:: Data ::
lemma delta_le:
  assumes "M \<ge> 1" and "N \<ge> 2" and ratio: "\<forall>k\<ge>m. central_binomial_ratio k \<le> e"
    and "m * g \<le> p div 2"
  shows "delta p M N \<le> e + real m * (1 - switch_prob M N) ^ g"
proof -
  let ?C = "configs p M N"
  let ?few = "{(a, b) \<in> ?C. card (switches p a b) < m}"
  have "0 \<le> e"
    using ratio central_binomial_ratio_nonneg order_trans by blast
  have "real (card (balanced p M N))
      \<le> (\<Sum>(a, b)\<in>?C. central_binomial_ratio (card (switches p a b)))"
    using \<open>N \<ge> 2\<close> by (rule card_balanced_le)
  also have "\<dots> \<le> (\<Sum>(a, b)\<in>?C. e + of_bool (card (switches p a b) < m))"
    using ratio central_binomial_ratio_le_1 \<open>0 \<le> e\<close>
    by (intro sum_mono) (auto simp: not_less add_increasing)
  also have "\<dots> = e * real (card ?C) + real (card ?few)"
    by (simp add: sum.distrib split_def Int_def)
  also have "\<dots> \<le> e * real (card ?C) + real m * (1 - switch_prob M N) ^ g * real (card ?C)"
    using card_few_switches_le[OF assms(1,2,4)] by simp
  finally have bound: "real (card (balanced p M N))
      \<le> (e + real m * (1 - switch_prob M N) ^ g) * real (card ?C)"
    by (simp add: algebra_simps)
  have "0 < real (card ?C)"
    using assms by (simp add: card_configs)
  then have "real (card (balanced p M N)) / real (card ?C) \<le> e + real m * (1 - switch_prob M N) ^ g"
    using bound by (simp add: pos_divide_le_eq)
  then show ?thesis
    using delta_le_balanced[of p M N] by linarith
qed

theorem theorem8p4:
  fixes M N :: nat
  assumes "M \<ge> 2" and "N \<ge> 2"
  shows "(\<lambda>p. delta p M N) \<longlonglongrightarrow> 0"
proof (rule LIMSEQ_I)
  fix r :: real
  assume "r > 0"
  define q where "q = switch_prob M N"
  have q: "0 < q" "q \<le> 1"
    using assms switch_prob_pos switch_prob_le_1 unfolding q_def by auto
  have "\<forall>\<^sub>F k in sequentially. central_binomial_ratio k < r / 2"
    using \<open>r > 0\<close> by (intro order_tendstoD(2)[OF central_binomial_ratio_LIMSEQ]) simp
  then obtain m where m: "\<forall>k\<ge>m. central_binomial_ratio k \<le> r / 2"
    unfolding eventually_sequentially by (meson less_imp_le)
  have "(\<lambda>g. real m * (1 - q) ^ g) \<longlonglongrightarrow> 0"
    using q by (intro tendsto_mult_right_zero LIMSEQ_power_zero) auto
  then obtain g where g: "real m * (1 - q) ^ g < r / 2"
    using order_tendstoD(2)[of _ 0 sequentially "r / 2"] \<open>r > 0\<close>
    by (fastforce simp: eventually_sequentially)
  show "\<exists>p0. \<forall>p\<ge>p0. norm (delta p M N - 0) < r"
  proof (intro exI allI impI)
    fix p
    assume "p \<ge> 2 * (m * g)"
    then have "delta p M N \<le> r / 2 + real m * (1 - q) ^ g"
      using assms m unfolding q_def by (intro delta_le) auto
    then show "norm (delta p M N - 0) < r"
      using g delta_nonneg by simp
  qed
qed

end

:: Your instructions ::
Please go through the entries and show every line with the word "lambda".

:: Answer space ::
  shows "(\<lambda>p. delta p M N) \<longlonglongrightarrow> 0"
  have "(\<lambda>g. real m * (1 - q) ^ g) \<longlonglongrightarrow> 0"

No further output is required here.